(Stored data entries)

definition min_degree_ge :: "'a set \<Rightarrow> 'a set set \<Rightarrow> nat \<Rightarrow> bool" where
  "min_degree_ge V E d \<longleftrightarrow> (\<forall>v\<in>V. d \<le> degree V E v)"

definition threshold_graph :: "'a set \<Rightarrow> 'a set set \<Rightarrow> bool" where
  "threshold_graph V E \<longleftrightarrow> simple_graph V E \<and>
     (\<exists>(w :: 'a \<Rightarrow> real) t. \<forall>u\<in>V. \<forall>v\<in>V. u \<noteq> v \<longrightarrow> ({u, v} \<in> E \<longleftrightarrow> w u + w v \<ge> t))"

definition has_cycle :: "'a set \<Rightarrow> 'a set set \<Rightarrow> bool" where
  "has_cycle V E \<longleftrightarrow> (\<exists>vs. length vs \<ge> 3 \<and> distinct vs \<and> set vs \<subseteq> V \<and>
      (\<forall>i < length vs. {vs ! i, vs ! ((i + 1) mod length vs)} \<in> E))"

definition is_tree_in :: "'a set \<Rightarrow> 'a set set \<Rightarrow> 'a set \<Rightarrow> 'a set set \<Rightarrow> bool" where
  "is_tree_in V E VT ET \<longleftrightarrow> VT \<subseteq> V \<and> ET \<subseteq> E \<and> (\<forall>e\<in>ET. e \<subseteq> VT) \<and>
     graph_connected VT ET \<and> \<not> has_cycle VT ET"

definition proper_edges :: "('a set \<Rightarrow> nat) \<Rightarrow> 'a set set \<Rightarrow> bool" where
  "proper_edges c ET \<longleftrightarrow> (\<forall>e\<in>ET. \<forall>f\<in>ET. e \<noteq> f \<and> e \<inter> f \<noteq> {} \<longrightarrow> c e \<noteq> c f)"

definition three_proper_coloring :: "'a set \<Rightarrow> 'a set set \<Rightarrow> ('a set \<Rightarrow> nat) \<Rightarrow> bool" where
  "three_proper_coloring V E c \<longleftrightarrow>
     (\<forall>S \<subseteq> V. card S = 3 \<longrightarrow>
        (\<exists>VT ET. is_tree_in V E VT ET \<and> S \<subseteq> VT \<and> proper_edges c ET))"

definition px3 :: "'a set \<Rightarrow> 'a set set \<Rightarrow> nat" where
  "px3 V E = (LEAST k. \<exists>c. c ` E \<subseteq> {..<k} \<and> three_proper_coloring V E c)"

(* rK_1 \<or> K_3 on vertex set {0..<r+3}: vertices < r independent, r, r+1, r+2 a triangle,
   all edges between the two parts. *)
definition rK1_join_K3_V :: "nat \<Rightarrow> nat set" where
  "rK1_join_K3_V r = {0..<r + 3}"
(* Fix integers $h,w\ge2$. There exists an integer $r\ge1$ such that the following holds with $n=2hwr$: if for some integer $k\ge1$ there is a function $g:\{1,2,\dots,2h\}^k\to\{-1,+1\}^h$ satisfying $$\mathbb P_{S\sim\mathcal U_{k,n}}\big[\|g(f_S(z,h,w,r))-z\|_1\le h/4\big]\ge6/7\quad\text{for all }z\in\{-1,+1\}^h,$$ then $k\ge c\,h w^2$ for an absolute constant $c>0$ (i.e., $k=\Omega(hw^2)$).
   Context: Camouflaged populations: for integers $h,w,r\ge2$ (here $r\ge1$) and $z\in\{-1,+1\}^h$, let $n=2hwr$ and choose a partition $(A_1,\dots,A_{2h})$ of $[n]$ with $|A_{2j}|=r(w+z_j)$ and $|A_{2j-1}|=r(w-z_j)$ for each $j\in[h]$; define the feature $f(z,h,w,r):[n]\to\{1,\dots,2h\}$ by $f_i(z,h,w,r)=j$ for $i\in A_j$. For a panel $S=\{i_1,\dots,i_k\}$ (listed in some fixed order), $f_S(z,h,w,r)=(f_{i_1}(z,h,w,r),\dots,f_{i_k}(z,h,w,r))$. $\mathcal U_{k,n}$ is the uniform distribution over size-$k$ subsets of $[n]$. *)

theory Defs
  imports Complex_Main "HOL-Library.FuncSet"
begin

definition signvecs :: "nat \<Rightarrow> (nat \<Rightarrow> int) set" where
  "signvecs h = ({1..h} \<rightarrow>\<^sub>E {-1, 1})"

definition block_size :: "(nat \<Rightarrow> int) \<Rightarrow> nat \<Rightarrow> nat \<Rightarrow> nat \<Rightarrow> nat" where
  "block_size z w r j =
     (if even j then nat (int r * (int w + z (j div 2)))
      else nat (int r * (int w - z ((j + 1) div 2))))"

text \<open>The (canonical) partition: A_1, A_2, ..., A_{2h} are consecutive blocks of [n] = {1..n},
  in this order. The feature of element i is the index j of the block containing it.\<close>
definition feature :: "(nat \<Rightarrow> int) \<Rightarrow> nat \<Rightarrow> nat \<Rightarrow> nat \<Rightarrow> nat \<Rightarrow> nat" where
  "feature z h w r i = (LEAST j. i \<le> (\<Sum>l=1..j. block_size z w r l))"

> [What is needed]
Transcribe the entries above word for word, from the first line through the line containing "all edges between the two parts. *)", and nothing else.

> [Worked solution]
definition min_degree_ge :: "'a set \<Rightarrow> 'a set set \<Rightarrow> nat \<Rightarrow> bool" where
  "min_degree_ge V E d \<longleftrightarrow> (\<forall>v\<in>V. d \<le> degree V E v)"

definition threshold_graph :: "'a set \<Rightarrow> 'a set set \<Rightarrow> bool" where
  "threshold_graph V E \<longleftrightarrow> simple_graph V E \<and>
     (\<exists>(w :: 'a \<Rightarrow> real) t. \<forall>u\<in>V. \<forall>v\<in>V. u \<noteq> v \<longrightarrow> ({u, v} \<in> E \<longleftrightarrow> w u + w v \<ge> t))"

definition has_cycle :: "'a set \<Rightarrow> 'a set set \<Rightarrow> bool" where
  "has_cycle V E \<longleftrightarrow> (\<exists>vs. length vs \<ge> 3 \<and> distinct vs \<and> set vs \<subseteq> V \<and>
      (\<forall>i < length vs. {vs ! i, vs ! ((i + 1) mod length vs)} \<in> E))"

definition is_tree_in :: "'a set \<Rightarrow> 'a set set \<Rightarrow> 'a set \<Rightarrow> 'a set set \<Rightarrow> bool" where
  "is_tree_in V E VT ET \<longleftrightarrow> VT \<subseteq> V \<and> ET \<subseteq> E \<and> (\<forall>e\<in>ET. e \<subseteq> VT) \<and>
     graph_connected VT ET \<and> \<not> has_cycle VT ET"

definition proper_edges :: "('a set \<Rightarrow> nat) \<Rightarrow> 'a set set \<Rightarrow> bool" where
  "proper_edges c ET \<longleftrightarrow> (\<forall>e\<in>ET. \<forall>f\<in>ET. e \<noteq> f \<and> e \<inter> f \<noteq> {} \<longrightarrow> c e \<noteq> c f)"

definition three_proper_coloring :: "'a set \<Rightarrow> 'a set set \<Rightarrow> ('a set \<Rightarrow> nat) \<Rightarrow> bool" where
  "three_proper_coloring V E c \<longleftrightarrow>
     (\<forall>S \<subseteq> V. card S = 3 \<longrightarrow>
        (\<exists>VT ET. is_tree_in V E VT ET \<and> S \<subseteq> VT \<and> proper_edges c ET))"

definition px3 :: "'a set \<Rightarrow> 'a set set \<Rightarrow> nat" where
  "px3 V E = (LEAST k. \<exists>c. c ` E \<subseteq> {..<k} \<and> three_proper_coloring V E c)"

(* rK_1 \<or> K_3 on vertex set {0..<r+3}: vertices < r independent, r, r+1, r+2 a triangle,
   all edges between the two parts. *)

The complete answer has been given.